The operation aimed to find Carlos Luis Revete, alias “El Koki,” and his top lieutenants. At least 800 security personnel entered Cota 905 and began house-to-house searches, where they were reportedly met with fierce opposition from gang members. They took over observation posts that El Coqui’s gang had built overlooking the neighborhood, burned down a known nightclub where the gang gathered and reportedly seized the house of El Vampi, Revete’s closest lieutenant.

Venezuela’s Minister for Justice and Peace, Carmen Meléndez, called the operation a success, with 22 criminals killed and 38 more arrested.

But what caused this strong response remains unclear. Throughout 2021,

Revete has consolidated his power as the leader of the strongest gang in the Venezuelan capital, successfully invading the neighborhood of La Vega.

There have been sporadic raids by authorities, including one in February that killed at least 23 people. Before this, Revete was largely left alone, as Cota 905 was declared a Peace Zone in 2017, or a place where authorities were not allowed to enter if the gang kept the peace.

But on July 7, Revete may have miscalculated. That day, members of El Koki’s gang opened fire on El Helicoide, a vast building in central Caracas that acts as a headquarters for police and intelligence services and contains numerous jail cells. At least two intelligence officials were wounded. The gang then went on to fire at two other police facilities in Caracas.

According to a police commander in Caracas interviewed by InSight Crime, these brazen attacks came after an ally of Revete, Leonardo José Polanco Angulo, alias el “Loco Leo,” was injured in a shootout with police.

The next day, Cota 905 was breached.

InSight Crime Analysis

While shootouts between El Coqui’s gang and authorities are nothing new, the size of this latest clash may indicate an important shift in the tolerance shown to Revete.

In April, Douglas Rico, the head of Venezuela’s criminal investigation unit (Cuerpo de Investigaciones Científicas, Penales y Criminalísticas – CICPC), said he was willing to sit down with Revete to begin a disarmament process. Any such attempts at appeasement were highly unlikely to succeed. Since then, El Coqui and his allies have only grown in strength, first in their continued takeover of La Vega and then in daring to shoot at El Helicoide, the police headquarters in Caracas.

This latest anti-gang operation certainly dwarfed those of the past.

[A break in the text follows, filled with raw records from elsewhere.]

lemma integral_Im_Af_bound:
  assumes expansion: "Hf_log_expansion a t R e L"
    and A_real: "Af a (of_real t) \<in> \<real>" and b_real: "Bf a (of_real t) \<in> \<real>"
    and \<theta>: "\<bar>\<theta>\<bar> < R"
  shows "\<bar>(LBINT \<phi>=0..\<theta>. Im (Af a (Complex t \<phi>))) - \<theta>\<^sup>2 / 2 * Re (Bf a (of_real t))\<bar>
    \<le> e * \<theta>\<^sup>2 * Re (Bf a (of_real t))"
proof -
  have "R > 0"
    using \<theta> by linarith
  have holL: "L holomorphic_on ball 0 R" and "L 0 = 0"
    using expansion holomorphic_on_subset ball_subset_cball unfolding Hf_log_expansion_def by blast+
  have on_axis: "Af a (Complex t \<phi>) = deriv L (\<i> * of_real \<phi>)" if "\<bar>\<phi>\<bar> < R" for \<phi>
    using Hf_log_expansion_Af(3)[OF expansion \<open>R > 0\<close>, of "\<i> * of_real \<phi>"] that
    by (simp add: Complex_eq norm_mult)
  have "(LBINT \<phi>=0..\<theta>. Im (Af a (Complex t \<phi>))) = (LBINT \<phi>=0..\<theta>. Im (deriv L (\<i> * of_real \<phi>)))"
    by (intro interval_integral_cong arg_cong[where f=Im] on_axis)
      (use \<theta> in \<open>auto simp: einterval_def min_def max_def split: if_splits\<close>)
  also have "\<dots> = - Re (L (\<i> * of_real \<theta>))"
    using integral_Im_deriv_on_imaginary_axis[OF holL \<theta>] \<open>L 0 = 0\<close> by simp
  finally have integral: "(LBINT \<phi>=0..\<theta>. Im (Af a (Complex t \<phi>))) = - Re (L (\<i> * of_real \<theta>))" .
  define \<tau> where "\<tau> = \<i> * of_real \<theta>"
  define rest where "rest = L \<tau> - (\<tau> * Af a (of_real t) + \<tau>\<^sup>2 / 2 * Bf a (of_real t))"
  have norm_\<tau>: "cmod \<tau> = \<bar>\<theta>\<bar>"
    unfolding \<tau>_def by (simp add: norm_mult)
  hence "\<tau> \<in> cball 0 R"
    using \<theta> by simp
  hence "cmod rest \<le> e * (cmod \<tau>)\<^sup>2 * Re (Bf a (of_real t))"
    using expansion unfolding Hf_log_expansion_def rest_def by blast
  hence "cmod rest \<le> e * \<theta>\<^sup>2 * Re (Bf a (of_real t))"
    by (simp add: norm_\<tau>)
  moreover have "Re (L \<tau>) = - \<theta>\<^sup>2 / 2 * Re (Bf a (of_real t)) + Re rest"
    using A_real b_real unfolding rest_def \<tau>_def
    by (auto simp: power2_eq_square elim!: Reals_cases)
  ultimately show ?thesis
    using integral abs_Re_le_cmod[of rest] unfolding \<tau>_def by linarith
qed

lemma Hf_log_expansion_imaginary_bounds:
  assumes "G_standing a" and "ereal t < tG a" and "R > 0" and "\<epsilon> > 0"
    and L: "Hf_log_expansion a t R (\<epsilon> / 4) L" and \<theta>: "\<bar>\<theta>\<bar> \<le> R / 2"
  defines "\<beta> \<equiv> Re (Bf a (of_real t))"
  shows "(1 - \<epsilon>) * \<beta> * \<bar>\<theta>\<bar> \<le> cmod (Af a (Complex t \<theta>) - Af a (of_real t))"
    and "cmod (Af a (Complex t \<theta>) - Af a (of_real t)) \<le> (1 + \<epsilon>) * \<beta> * \<bar>\<theta>\<bar>"
    and "(1 - \<epsilon>) / 2 * \<theta>\<^sup>2 * \<beta> \<le> (LBINT \<phi>=0..\<theta>. Im (Af a (Complex t \<phi>)))"
    and "(LBINT \<phi>=0..\<theta>. Im (Af a (Complex t \<phi>))) \<le> (1 + \<epsilon>) / 2 * \<theta>\<^sup>2 * \<beta>"
proof -
  have "\<epsilon> / 4 > 0" "\<bar>\<theta>\<bar> < R"
    using \<open>\<epsilon> > 0\<close> \<theta> \<open>R > 0\<close> by auto
  note real = Af_Bf_in_Reals[OF \<open>G_standing a\<close> \<open>ereal t < tG a\<close> \<open>R > 0\<close>
      Hf_log_expansion_Af(1,2)[OF L \<open>R > 0\<close>]]
  have "\<bar>cmod (Af a (Complex t \<theta>) - Af a (of_real t)) - \<beta> * \<bar>\<theta>\<bar>\<bar> \<le> \<epsilon> * \<beta> * \<bar>\<theta>\<bar>"
    using Af_imaginary_increment_bound[OF L \<open>R > 0\<close> \<open>\<epsilon> / 4 > 0\<close> real(2) \<theta>]
    unfolding \<beta>_def by simp
  moreover have "(1 - \<epsilon>) * \<beta> * \<bar>\<theta>\<bar> = \<beta> * \<bar>\<theta>\<bar> - \<epsilon> * \<beta> * \<bar>\<theta>\<bar>"
    "(1 + \<epsilon>) * \<beta> * \<bar>\<theta>\<bar> = \<beta> * \<bar>\<theta>\<bar> + \<epsilon> * \<beta> * \<bar>\<theta>\<bar>"
    by (simp_all add: algebra_simps)
  ultimately show "(1 - \<epsilon>) * \<beta> * \<bar>\<theta>\<bar> \<le> cmod (Af a (Complex t \<theta>) - Af a (of_real t))"
    and "cmod (Af a (Complex t \<theta>) - Af a (of_real t)) \<le> (1 + \<epsilon>) * \<beta> * \<bar>\<theta>\<bar>"
    by (simp_all only: abs_le_iff) linarith+
  have "\<bar>(LBINT \<phi>=0..\<theta>. Im (Af a (Complex t \<phi>))) - \<theta>\<^sup>2 / 2 * \<beta>\<bar> \<le> \<epsilon> / 4 * \<theta>\<^sup>2 * \<beta>"
    using integral_Im_Af_bound[OF L real \<open>\<bar>\<theta>\<bar> < R\<close>] unfolding \<beta>_def .
  moreover have "\<epsilon> / 4 * \<theta>\<^sup>2 * \<beta> \<le> \<epsilon> / 2 * \<theta>\<^sup>2 * \<beta>"
    using Hf_log_expansion_Re_Bf_nonneg[OF L \<open>R > 0\<close> \<open>\<epsilon> / 4 > 0\<close>] \<open>\<epsilon> > 0\<close> unfolding \<beta>_def
    by (intro mult_right_mono) auto
  moreover have "(1 - \<epsilon>) / 2 * \<theta>\<^sup>2 * \<beta> = \<theta>\<^sup>2 / 2 * \<beta> - \<epsilon> / 2 * \<theta>\<^sup>2 * \<beta>"
    "(1 + \<epsilon>) / 2 * \<theta>\<^sup>2 * \<beta> = \<theta>\<^sup>2 / 2 * \<beta> + \<epsilon> / 2 * \<theta>\<^sup>2 * \<beta>"
    by (simp_all add: algebra_simps add_divide_distrib diff_divide_distrib)
  ultimately show "(1 - \<epsilon>) / 2 * \<theta>\<^sup>2 * \<beta> \<le> (LBINT \<phi>=0..\<theta>. Im (Af a (Complex t \<phi>)))"
    and "(LBINT \<phi>=0..\<theta>. Im (Af a (Complex t \<phi>))) \<le> (1 + \<epsilon>) / 2 * \<theta>\<^sup>2 * \<beta>"
    by (simp_all only: abs_le_iff) linarith+
qed

theorem lemma2p3:
  fixes a :: "nat \<Rightarrow> real" and \<delta> :: "real \<Rightarrow> real" and T :: "real set" and \<epsilon> :: real
  assumes "G_standing a"
    and "local_delta_admissible a \<delta> T"
    and "\<epsilon> > 0"
  shows "\<exists>\<eta>>0. \<exists>t0. ereal t0 < tG a \<and>
    (\<forall>t\<in>T. t0 < t \<longrightarrow> (\<forall>\<theta>::real. \<bar>\<theta>\<bar> \<le> \<eta> / 2 * \<delta> t \<longrightarrow>
       (1 - \<epsilon>) * Re (Bf a (of_real t)) * \<bar>\<theta>\<bar>
          \<le> cmod (Af a (Complex t \<theta>) - Af a (of_real t)) \<and>
       cmod (Af a (Complex t \<theta>) - Af a (of_real t))
          \<le> (1 + \<epsilon>) * Re (Bf a (of_real t)) * \<bar>\<theta>\<bar> \<and>
       (1 - \<epsilon>) / 2 * \<theta>\<^sup>2 * Re (Bf a (of_real t))
          \<le> (LBINT \<phi>=0..\<theta>. Im (Af a (Complex t \<phi>))) \<and>
       (LBINT \<phi>=0..\<theta>. Im (Af a (Complex t \<phi>)))
          \<le> (1 + \<epsilon>) / 2 * \<theta>\<^sup>2 * Re (Bf a (of_real t))))"
proof -
  obtain \<eta> t0 where "\<eta> > 0" "ereal t0 < tG a" and expansion: "\<forall>t\<in>T. t0 < t \<longrightarrow>
      ereal t < tG a \<and> 0 < \<eta> * \<delta> t \<and> (\<exists>L. Hf_log_expansion a t (\<eta> * \<delta> t) (\<epsilon> / 4) L)"
    using local_delta_admissibleD[OF assms(2), of "\<epsilon> / 4"] \<open>\<epsilon> > 0\<close> by auto
  show ?thesis
  proof (rule exI[of _ \<eta>], intro conjI \<open>\<eta> > 0\<close>,
      rule exI[of _ t0], intro conjI \<open>ereal t0 < tG a\<close> ballI impI allI)
    fix t \<theta> assume "t \<in> T" "t0 < t" and \<theta>: "\<bar>\<theta>\<bar> \<le> \<eta> / 2 * \<delta> t"
    then obtain L where "ereal t < tG a" "0 < \<eta> * \<delta> t"
      and L: "Hf_log_expansion a t (\<eta> * \<delta> t) (\<epsilon> / 4) L"
      using expansion by blast
    note bounds = Hf_log_expansion_imaginary_bounds[OF \<open>G_standing a\<close> this(1,2) \<open>\<epsilon> > 0\<close> L]
    show "(1 - \<epsilon>) * Re (Bf a (of_real t)) * \<bar>\<theta>\<bar> \<le> cmod (Af a (Complex t \<theta>) - Af a (of_real t))"
      "cmod (Af a (Complex t \<theta>) - Af a (of_real t)) \<le> (1 + \<epsilon>) * Re (Bf a (of_real t)) * \<bar>\<theta>\<bar>"
      "(1 - \<epsilon>) / 2 * \<theta>\<^sup>2 * Re (Bf a (of_real t)) \<le> (LBINT \<phi>=0..\<theta>. Im (Af a (Complex t \<phi>)))"
      "(LBINT \<phi>=0..\<theta>. Im (Af a (Complex t \<phi>))) \<le> (1 + \<epsilon>) / 2 * \<theta>\<^sup>2 * Re (Bf a (of_real t))"
      using bounds \<theta> by simp_all
  qed
qed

Where previous raids saw officers retreat if they were fired upon or secure only a few arrests, seemingly at random, this appeared to be a concerted attempt to find Revete, as well as his lieutenants.

The fallout is unclear. Neither Revete nor his top aides have been arrested, allowing them to lay low and resurface once authorities have retreated. And despite a few dozen arrests, it does not appear that El Coqui’s hold over Cota 905 or La Vega has weakened.

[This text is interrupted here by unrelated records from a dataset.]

lemma (in prob_space) sample_vars_accurate_whp:
  fixes X1 X0 :: "nat \<Rightarrow> 'a \<Rightarrow> real" and N :: "nat \<Rightarrow> nat"
  assumes iid1: "indep_vars (\<lambda>_. borel) X1 UNIV" "\<And>i. distr M borel (X1 i) = distr M borel (X1 0)"
    and iid0: "indep_vars (\<lambda>_. borel) X0 UNIV" "\<And>i. distr M borel (X0 i) = distr M borel (X0 0)"
    and fourth: "integrable M (\<lambda>\<omega>. X1 0 \<omega> ^ 4)" "integrable M (\<lambda>\<omega>. X0 0 \<omega> ^ 4)"
    and pos: "0 < pop_var M (X1 0)" "0 < pop_var M (X0 0)"
    and I: "finite I" "\<And>m. m \<in> I \<Longrightarrow> 3 \<le> N m" and "0 < u"
  shows "\<exists>E \<in> events. 1 - card I * ((kurt M (X1 0) + kurt M (X0 0)) / u) \<le> prob E \<and>
    (\<forall>\<omega> \<in> E. \<forall>m \<in> I. sample_var_accurate (\<lambda>i. X1 i \<omega>) (pop_var M (X1 0)) u (N m) \<and>
      sample_var_accurate (\<lambda>i. X0 i \<omega>) (pop_var M (X0 0)) u (N m))"
proof -
  define bad where "bad X m = {\<omega> \<in> space M.
    sqrt (u / N m) * pop_var M (X 0) \<le> \<bar>sample_var (\<lambda>i. X i \<omega>) (N m) - pop_var M (X 0)\<bar>}"
    for X :: "nat \<Rightarrow> 'a \<Rightarrow> real" and m
  note dev1 = prob_sample_var_deviation_le[OF iid1 fourth(1) I(2) pos(1) \<open>0 < u\<close>, folded bad_def]
  note dev0 = prob_sample_var_deviation_le[OF iid0 fourth(2) I(2) pos(2) \<open>0 < u\<close>, folded bad_def]
  have "prob (bad X1 m \<union> bad X0 m) \<le> (kurt M (X1 0) + kurt M (X0 0)) / u" if "m \<in> I" for m
    using measure_Un_le[OF dev1(1) dev0(1), OF that that] dev1(2)[OF that] dev0(2)[OF that]
    by (simp add: add_divide_distrib)
  then have "1 - card I * ((kurt M (X1 0) + kurt M (X0 0)) / u)
      \<le> prob (space M - (\<Union>m\<in>I. bad X1 m \<union> bad X0 m))"
    using dev1(1) dev0(1) I(1) by (intro prob_avoid_all_ge) auto
  moreover have "space M - (\<Union>m\<in>I. bad X1 m \<union> bad X0 m) \<in> events"
    using dev1(1) dev0(1) I(1) by (intro sets.Diff sets.finite_UN) auto
  ultimately show ?thesis
    by (intro bexI[of _ "space M - (\<Union>m\<in>I. bad X1 m \<union> bad X0 m)"]) (auto simp: bad_def not_le sample_var_accurate_def)
qed

theorem theorem3:
  fixes P :: "'a measure"
    and Y1 Y0 :: "nat \<Rightarrow> 'a \<Rightarrow> real"
    and M T :: nat
    and \<epsilon> :: real
  assumes "prob_space P"
    and "M \<ge> 3" and "T \<ge> 16"
    and "0 < \<epsilon>" and "\<epsilon> \<le> min (1 / real M) (1 / 100)"
    and iid1: "prob_space.indep_vars P (\<lambda>_. borel) Y1 UNIV" "\<And>i. distr P borel (Y1 i) = distr P borel (Y1 0)"
    and iid0: "prob_space.indep_vars P (\<lambda>_. borel) Y0 UNIV" "\<And>i. distr P borel (Y0 i) = distr P borel (Y0 0)"
    and fourth1: "integrable P (\<lambda>x. (Y1 0 x) ^ 4)"
    and fourth0: "integrable P (\<lambda>x. (Y0 0 x) ^ 4)"
    and pos1: "pop_var P (Y1 0) > 0"
    and pos0: "pop_var P (Y0 0) > 0"
  shows "(1 < stage_end M T 1
          \<and> (\<forall>m. 1 \<le> m \<and> m + 1 \<le> M - 1 \<longrightarrow> stage_end M T m < stage_end M T (m + 1))
          \<and> stage_end M T (M - 1) < real T)
       \<and> (\<exists>E \<in> sets P.
            measure P E \<ge> 1 - real (M - 1) * (kurt P (Y1 0) + kurt P (Y0 0)) * real T powr (- \<epsilon>)
          \<and> (\<forall>\<omega> \<in> E.
               (let (t1, t0) = adaptive_alloc M T (\<lambda>i. Y1 i \<omega>) (\<lambda>i. Y0 i \<omega>);
                    s1 = pop_sd P (Y1 0); s0 = pop_sd P (Y0 0)
                in proxyV s1 s0 t1 t0 / neymanV s1 s0 (real T)
                   \<le> 1 + 4 * 15 powr (- (1 / real M)) * real T powr (- ((real M - 1) / real M) + \<epsilon>))))"
proof -
  interpret P: prob_space P by fact
  define u where "u = real T powr \<epsilon>"
  have u: "1 \<le> u" "u \<le> 27/25 * stage_ratio M T"
    unfolding u_def using assms
    by (simp add: ge_one_powr_ge_zero, intro powr_le_stage_ratio) auto
  have N: "3 \<le> n_obs (half_end M T m)" if "m \<in> {1..M - 1}" for m
    using three_le_n_obs_half_end assms that by auto
  obtain E where E: "E \<in> sets P"
      "1 - real (card {1..M - 1}) * ((kurt P (Y1 0) + kurt P (Y0 0)) / u) \<le> measure P E"
    and accurate: "\<forall>\<omega> \<in> E. \<forall>m \<in> {1..M - 1}.
      sample_var_accurate (\<lambda>i. Y1 i \<omega>) (pop_var P (Y1 0)) u (n_obs (half_end M T m)) \<and>
      sample_var_accurate (\<lambda>i. Y0 i \<omega>) (pop_var P (Y0 0)) u (n_obs (half_end M T m))"
    using P.sample_vars_accurate_whp[where I = "{1..M - 1}" and N = "\<lambda>m. n_obs (half_end M T m)"
        and u = u, OF iid1 iid0 fourth1 fourth0 pos1 pos0 _ N] u by auto
  have "accurate_estimates M T u (pop_sd P (Y1 0)) (pop_sd P (Y0 0)) (\<lambda>i. Y1 i \<omega>) (\<lambda>i. Y0 i \<omega>)"
    if "\<omega> \<in> E" for \<omega>
    using assms u accurate that by unfold_locales (auto simp: pop_sd_def)
  then have "\<forall>\<omega> \<in> E. let (t1, t0) = adaptive_alloc M T (\<lambda>i. Y1 i \<omega>) (\<lambda>i. Y0 i \<omega>);
      s1 = pop_sd P (Y1 0); s0 = pop_sd P (Y0 0)
    in proxyV s1 s0 t1 t0 / neymanV s1 s0 (real T)
       \<le> 1 + 4 * 15 powr (- (1 / real M)) * real T powr (- ((real M - 1) / real M) + \<epsilon>)"
    unfolding u_def Let_def case_prod_beta using adaptive_alloc_ratio_le_powr by blast
  moreover have "(kurt P (Y1 0) + kurt P (Y0 0)) / u = (kurt P (Y1 0) + kurt P (Y0 0)) * real T powr (- \<epsilon>)"
    by (simp add: u_def powr_minus divide_inverse)
  ultimately show ?thesis
    using stage_ends_feasible[OF assms(2,3)] E by (auto simp: mult.assoc)
qed

end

This campaign may also have been intended to send El Coqui a message not to overstep his boundaries. There is precedent for this. For a few weeks in early 2020, another Caracas gang boss similar to Revete, Wilexis Alexander Acevedo, alias “Wilexis,” was public enemy number one. Even President Nicolás Maduro accused him of being a pawn of the US Drug Enforcement Administration (DEA).

The raids that followed in the slum of José Félix Ribas, which Wilexis controls, were very similar to those seen in Cota 905. Hundreds of officers tore apart houses, and a few gang members were killed or arrested. But Wilexis survived. Since then, his profile has lowered, and no other raids have occurred.

It remains to be seen if Revete will follow this example or remain defiant. But even if he falls, El Coqui’s gang has grown to such a size in Caracas that another leader may simply rise to take his place.

Should they find themselves leaderless, one well-known crime reporter in Caracas, Román Camacho, recently suggested that a gang from outside Caracas might be tempted to try and take over El Koki’s territory and men.